(Task objective) Copy all lines in the data that contain the string "define".

Source records:
----
(* Let $G$ be a connected graph. Then $G$ is a core if and only if there exists a (possibly infinite) graph $H$ such that $G\to H$ and every homomorphism from $G$ to $H$ is locally injective.
   Context: A homomorphism $G\to H$ is an adjacency-preserving map $V(G)\to V(H)$; $G\to H$ means one exists. A homomorphism $\varphi$ is locally injective if $\varphi(u)\ne\varphi(v)$ for any two distinct vertices $u,v$ having a common neighbor. $G$ is a core if every homomorphism $G\to G$ is an automorphism. *)

theory Defs
  imports Main
begin

definition is_graph :: "'a set \<Rightarrow> ('a \<Rightarrow> 'a \<Rightarrow> bool) \<Rightarrow> bool" where
  "is_graph V E \<longleftrightarrow> (\<forall>u v. E u v \<longrightarrow> u \<in> V \<and> v \<in> V) \<and> (\<forall>u v. E u v \<longrightarrow> E v u) \<and> (\<forall>v. \<not> E v v)"

definition connected_graph :: "'a set \<Rightarrow> ('a \<Rightarrow> 'a \<Rightarrow> bool) \<Rightarrow> bool" where
  "connected_graph V E \<longleftrightarrow> V \<noteq> {} \<and> (\<forall>u\<in>V. \<forall>v\<in>V. E\<^sup>*\<^sup>* u v)"

definition is_hom :: "'a set \<Rightarrow> ('a \<Rightarrow> 'a \<Rightarrow> bool) \<Rightarrow> 'b set \<Rightarrow> ('b \<Rightarrow> 'b \<Rightarrow> bool) \<Rightarrow> ('a \<Rightarrow> 'b) \<Rightarrow> bool" where
  "is_hom VG EG VH EH f \<longleftrightarrow> (\<forall>v\<in>VG. f v \<in> VH) \<and> (\<forall>u v. EG u v \<longrightarrow> EH (f u) (f v))"

definition hom_exists :: "'a set \<Rightarrow> ('a \<Rightarrow> 'a \<Rightarrow> bool) \<Rightarrow> 'b set \<Rightarrow> ('b \<Rightarrow> 'b \<Rightarrow> bool) \<Rightarrow> bool" where
  "hom_exists VG EG VH EH \<longleftrightarrow> (\<exists>f. is_hom VG EG VH EH f)"

definition locally_injective :: "'a set \<Rightarrow> ('a \<Rightarrow> 'a \<Rightarrow> bool) \<Rightarrow> ('a \<Rightarrow> 'b) \<Rightarrow> bool" where
  "locally_injective V E f \<longleftrightarrow>
     (\<forall>u\<in>V. \<forall>v\<in>V. \<forall>w\<in>V. u \<noteq> v \<and> E u w \<and> E v w \<longrightarrow> f u \<noteq> f v)"

definition is_automorphism :: "'a set \<Rightarrow> ('a \<Rightarrow> 'a \<Rightarrow> bool) \<Rightarrow> ('a \<Rightarrow> 'a) \<Rightarrow> bool" where
  "is_automorphism V E f \<longleftrightarrow> bij_betw f V V \<and> (\<forall>u\<in>V. \<forall>v\<in>V. E (f u) (f v) \<longleftrightarrow> E u v)"

definition is_core :: "'a set \<Rightarrow> ('a \<Rightarrow> 'a \<Rightarrow> bool) \<Rightarrow> bool" where
  "is_core V E \<longleftrightarrow> (\<forall>f. is_hom V E V E f \<longrightarrow> is_automorphism V E f)"

end

theory Submission
  imports Defs "HOL-Library.FuncSet"
begin

text \<open>If \<open>H\<close> admits homomorphisms from \<open>G\<close> but only locally injective ones, then for every
  endomorphism \<open>f\<close> of \<open>G\<close> the composite \<open>G \<rightarrow> G \<rightarrow> H\<close> is locally injective, hence so is \<open>f\<close>.
  Conversely a core may take \<open>H = G\<close>. It remains to see that a locally injective endomorphism
  \<open>f\<close> of a finite connected graph is an automorphism. Some power \<open>g = f\<^sup>m\<close> is idempotent; it is
  still locally injective, so around a fixed point \<open>v\<close> it maps the finite neighbourhood of \<open>v\<close>
  injectively into itself, hence onto itself. Thus the fixed points of \<open>g\<close>, which contain the
  image of \<open>g\<close>, are closed under adjacency and by connectivity form all of \<open>V\<close>. So \<open>f\<^sup>m\<close> is the
  identity on \<open>V\<close>, and \<open>f\<close> is an automorphism whose inverse is a power of \<open>f\<close>.\<close>

lemma is_hom_comp:
  assumes "is_hom VG EG VH EH f" and "is_hom VH EH VK EK g"
  shows "is_hom VG EG VK EK (g \<circ> f)"
  using assms by (auto simp: is_hom_def)

lemma is_hom_funpow:
  assumes "is_hom V E V E f"
  shows "is_hom V E V E (f ^^ k)"
proof (induction k)
  case (Suc k)
  show ?case
    using is_hom_comp[OF Suc assms] by (simp only: funpow.simps)
qed (simp add: is_hom_def)

lemma locally_injective_if_inj_on:
  "inj_on f V \<Longrightarrow> locally_injective V E f"
  unfolding locally_injective_def by (meson inj_onD)

lemma locally_injective_comp_left:
  "locally_injective V E (g \<circ> f) \<Longrightarrow> locally_injective V E f"
  unfolding locally_injective_def by (metis comp_apply)

lemma locally_injective_comp:
  assumes "is_hom V E V E f" and "locally_injective V E f" and "locally_injective V E g"
  shows "locally_injective V E (g \<circ> f)"
  using assms unfolding locally_injective_def is_hom_def by (metis comp_apply)

lemma locally_injective_funpow:
  assumes "is_hom V E V E f" and "locally_injective V E f"
  shows "locally_injective V E (f ^^ k)"
proof (induction k)
  case 0
  then show ?case by (simp add: locally_injective_def)
next
  case (Suc k)
  then show ?case
    using locally_injective_comp[OF is_hom_funpow[OF assms(1)] Suc assms(2)] by (simp only: funpow.simps)
qed

lemma funpow_eq_on_finite:
  assumes "finite V" and "f ` V \<subseteq> V"
  obtains i j where "i < j" and "\<And>x. x \<in> V \<Longrightarrow> (f ^^ j) x = (f ^^ i) x"
proof -
  define F where "F k = restrict (f ^^ k) V" for k :: nat
  have "(f ^^ k) x \<in> V" if "x \<in> V" for k x
    using assms(2) that by (induction k) auto
  then have "range F \<subseteq> V \<rightarrow>\<^sub>E V"
    by (auto simp: F_def)
  moreover have "finite (V \<rightarrow>\<^sub>E V)"
    using assms(1) by (simp add: finite_PiE)
  ultimately have "\<not> inj F"
    using finite_imageD finite_subset by blast
  then obtain a b where "a < b" and "F a = F b"
    unfolding inj_def by (metis linorder_neqE_nat)
  moreover have "(f ^^ b) x = (f ^^ a) x" if "F a = F b" and "x \<in> V" for a b x
    using fun_cong[OF \<open>F a = F b\<close>, of x] \<open>x \<in> V\<close> by (simp add: F_def)
  ultimately show thesis
    using that by blast
qed

lemma funpow_idempotent_on_finite:
  assumes "finite V" and "f ` V \<subseteq> V"
  obtains m where "m > 0" and "\<And>x. x \<in> V \<Longrightarrow> (f ^^ m) ((f ^^ m) x) = (f ^^ m) x"
proof -
  obtain i j where "i < j" and eq: "\<And>x. x \<in> V \<Longrightarrow> (f ^^ j) x = (f ^^ i) x"
    using funpow_eq_on_finite[OF assms] by blast
  define d where "d = j - i"
  have periodic: "(f ^^ (i + d * k)) x = (f ^^ i) x" if "x \<in> V" for x k
  proof (induction k)
    case (Suc k)
    have "i + d * Suc k = d * k + j"
      using \<open>i < j\<close> by (simp add: d_def)
    then have "(f ^^ (i + d * Suc k)) x = (f ^^ (d * k)) ((f ^^ j) x)"
      by (simp only: funpow_add comp_apply)
    also have "\<dots> = (f ^^ (i + d * k)) x"
      using eq[OF that] by (metis add.commute comp_apply funpow_add)
    finally show ?case using Suc by simp
  qed simp
  \<comment> \<open>Past \<open>i\<close> the powers are \<open>d\<close>-periodic, so any multiple of \<open>d\<close> exceeding \<open>i\<close> will do.\<close>
  define m where "m = d * (i + 1)"
  have "d > 0"
    using \<open>i < j\<close> by (simp add: d_def)
  then have "i < m" and "m > 0"
    unfolding m_def by (cases d; simp)+
  have "(f ^^ m) ((f ^^ m) x) = (f ^^ m) x" if "x \<in> V" for x
  proof -
    have "m + m = (m - i) + (i + d * (i + 1))"
      using \<open>i < m\<close> by (simp add: m_def)
    then have "(f ^^ m) ((f ^^ m) x) = (f ^^ (m - i)) ((f ^^ (i + d * (i + 1))) x)"
      by (metis comp_apply funpow_add)
    also have "\<dots> = (f ^^ (m - i)) ((f ^^ i) x)"
      using periodic[OF that, of "i + 1"] by (simp only:)
    also have "\<dots> = (f ^^ m) x"
      using \<open>i < m\<close> by (metis comp_apply funpow_add le_add_diff_inverse2 less_imp_le)
    finally show ?thesis .
  qed
  then show thesis
    using that \<open>m > 0\<close> by blast
qed

lemma connected_graph_closed_subset:
  assumes "connected_graph V E" and "S \<subseteq> V" and "S \<noteq> {}"
    and closed: "\<And>v w. v \<in> S \<Longrightarrow> E v w \<Longrightarrow> w \<in> S"
  shows "S = V"
proof -
  obtain s where "s \<in> S"
    using assms(3) by blast
  have "x \<in> S" if "x \<in> V" for x
  proof -
    have "E\<^sup>*\<^sup>* s x"
      using assms(1,2) \<open>s \<in> S\<close> that unfolding connected_graph_def by blast
    then show ?thesis
      by (induction rule: rtranclp_induct) (use \<open>s \<in> S\<close> closed in blast)+
  qed
  then show ?thesis
    using assms(2) by blast
qed

lemma locally_injective_fixed_vertex_permutes_neighbours:
  assumes "is_graph V E" and "finite {w. E v w}"
    and "is_hom V E V E g" and "locally_injective V E g" and "g v = v"
  shows "g ` {w. E v w} = {w. E v w}"
proof (rule endo_inj_surj[OF assms(2)])
  show "g ` {w. E v w} \<subseteq> {w. E v w}"
  proof (rule image_subsetI)
    fix w assume "w \<in> {w. E v w}"
    then have "E (g v) (g w)"
      using assms(3) by (simp add: is_hom_def)
    then show "g w \<in> {w. E v w}"
      using assms(5) by simp
  qed
  show "inj_on g {w. E v w}"
  proof (rule inj_onI)
    fix x y assume "x \<in> {w. E v w}" "y \<in> {w. E v w}" "g x = g y"
    then have "E x v" "E y v" "x \<in> V" "y \<in> V" "v \<in> V"
      using assms(1) unfolding is_graph_def by auto
    then show "x = y"
      using assms(4) \<open>g x = g y\<close> unfolding locally_injective_def by blast
  qed
qed

lemma locally_injective_idempotent_endo_id:
  assumes "is_graph V E" and "connected_graph V E" and "\<And>v. finite {w. E v w}"
    and "is_hom V E V E g" and "locally_injective V E g"
    and idem: "\<And>x. x \<in> V \<Longrightarrow> g (g x) = g x"
  shows "\<And>x. x \<in> V \<Longrightarrow> g x = x"
proof -
  let ?Fix = "{x \<in> V. g x = x}"
  have "?Fix = V"
  proof (rule connected_graph_closed_subset[OF assms(2)])
    obtain v where "v \<in> V"
      using assms(2) unfolding connected_graph_def by blast
    then have "g v \<in> ?Fix"
      using assms(4) idem by (auto simp: is_hom_def)
    then show "?Fix \<noteq> {}" by blast
    fix v w assume "v \<in> ?Fix" and "E v w"
    then have "w \<in> g ` {u. E v u}"
      using locally_injective_fixed_vertex_permutes_neighbours[OF assms(1,3,4,5)] by simp
    then obtain u where "E v u" and "w = g u"
      by blast
    moreover have "u \<in> V"
      using \<open>E v u\<close> assms(1) by (auto simp: is_graph_def)
    ultimately show "w \<in> ?Fix"
      using idem assms(4) by (auto simp: is_hom_def)
  qed auto
  then show "\<And>x. x \<in> V \<Longrightarrow> g x = x" by blast
qed

lemma automorphism_if_funpow_id:
  assumes "is_hom V E V E f" and "m > 0" and id: "\<And>x. x \<in> V \<Longrightarrow> (f ^^ m) x = x"
  shows "is_automorphism V E f"
proof -
  obtain k where m: "m = Suc k"
    using \<open>m > 0\<close> gr0_implies_Suc by blast
  have left_inv: "(f ^^ k) (f x) = x" if "x \<in> V" for x
    using id[OF that] by (simp add: m funpow_Suc_right del: funpow.simps)
  have right_inv: "f ((f ^^ k) x) = x" if "x \<in> V" for x
    using id[OF that] by (simp add: m)
  have "bij_betw f V V"
  proof (rule bij_betw_imageI)
    show "inj_on f V"
      by (metis left_inv inj_onI)
    show "f ` V = V"
    proof
      show "f ` V \<subseteq> V"
        using assms(1) by (auto simp: is_hom_def)
      show "V \<subseteq> f ` V"
      proof
        fix x assume "x \<in> V"
        then have "(f ^^ k) x \<in> V"
          using is_hom_funpow[OF assms(1), of k] by (simp add: is_hom_def)
        then show "x \<in> f ` V"
          using right_inv[OF \<open>x \<in> V\<close>] by (metis image_eqI)
      qed
    qed
  qed
  moreover have "E (f u) (f v) \<longleftrightarrow> E u v" if "u \<in> V" "v \<in> V" for u v
  proof
    assume "E (f u) (f v)"
    then have "E ((f ^^ k) (f u)) ((f ^^ k) (f v))"
      using is_hom_funpow[OF assms(1), of k] by (simp add: is_hom_def)
    then show "E u v"
      using left_inv that by simp
  qed (use assms(1) in \<open>simp add: is_hom_def\<close>)
  ultimately show ?thesis
    by (simp add: is_automorphism_def)
qed

lemma locally_injective_endo_automorphism:
  assumes "is_graph V E" and "finite V" and "connected_graph V E"
    and "is_hom V E V E f" and "locally_injective V E f"
  shows "is_automorphism V E f"
proof -
  have "f ` V \<subseteq> V"
    using assms(4) by (auto simp: is_hom_def)
  then obtain m where "m > 0" and idem: "\<And>x. x \<in> V \<Longrightarrow> (f ^^ m) ((f ^^ m) x) = (f ^^ m) x"
    using funpow_idempotent_on_finite[OF assms(2)] by blast
  have "finite {w. E v w}" for v
    using assms(1,2) by (auto simp: is_graph_def intro: finite_subset)
  then have "\<And>x. x \<in> V \<Longrightarrow> (f ^^ m) x = x"
    using locally_injective_idempotent_endo_id[OF assms(1,3) _ is_hom_funpow[OF assms(4)]
        locally_injective_funpow[OF assms(4,5)] idem] by blast
  then show ?thesis
    using automorphism_if_funpow_id[OF assms(4) \<open>m > 0\<close>] by blast
qed

theorem lemma4p2:
  fixes V :: "'a set" and E :: "'a \<Rightarrow> 'a \<Rightarrow> bool"
  assumes "is_graph V E" and "finite V" and "connected_graph V E"
  shows "(is_core V E \<longrightarrow>
            (\<exists>(VH :: 'a set) EH. is_graph VH EH \<and> hom_exists V E VH EH \<and>
               (\<forall>f. is_hom V E VH EH f \<longrightarrow> locally_injective V E f)))
       \<and> (\<forall>(VH :: 'b set) EH. is_graph VH EH \<and> hom_exists V E VH EH \<and>
               (\<forall>f. is_hom V E VH EH f \<longrightarrow> locally_injective V E f) \<longrightarrow> is_core V E)"
proof (intro conjI impI allI)
  assume "is_core V E"
  then have "locally_injective V E f" if "is_hom V E V E f" for f
    using that locally_injective_if_inj_on
    unfolding is_core_def is_automorphism_def bij_betw_def by blast
  moreover have "hom_exists V E V E"
    unfolding hom_exists_def is_hom_def by (metis id_apply)
  ultimately show "\<exists>(VH :: 'a set) EH. is_graph VH EH \<and> hom_exists V E VH EH \<and>
      (\<forall>f. is_hom V E VH EH f \<longrightarrow> locally_injective V E f)"
    using assms(1) by blast
next
  fix VH :: "'b set" and EH
  assume H: "is_graph VH EH \<and> hom_exists V E VH EH \<and>
      (\<forall>f. is_hom V E VH EH f \<longrightarrow> locally_injective V E f)"
  then obtain h where h: "is_hom V E VH EH h"
    unfolding hom_exists_def by blast
  show "is_core V E"
    unfolding is_core_def
  proof (intro allI impI)
    fix f assume f: "is_hom V E V E f"
    then have "locally_injective V E f"
      using H is_hom_comp[OF f h] locally_injective_comp_left by blast
    then show "is_automorphism V E f"
      using locally_injective_endo_automorphism[OF assms f] by blast
  qed
qed

end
----
(Written answer)
  define F where "F k = restrict (f ^^ k) V" for k :: nat
  define d where "d = j - i"
  define m where "m = d * (i + 1)"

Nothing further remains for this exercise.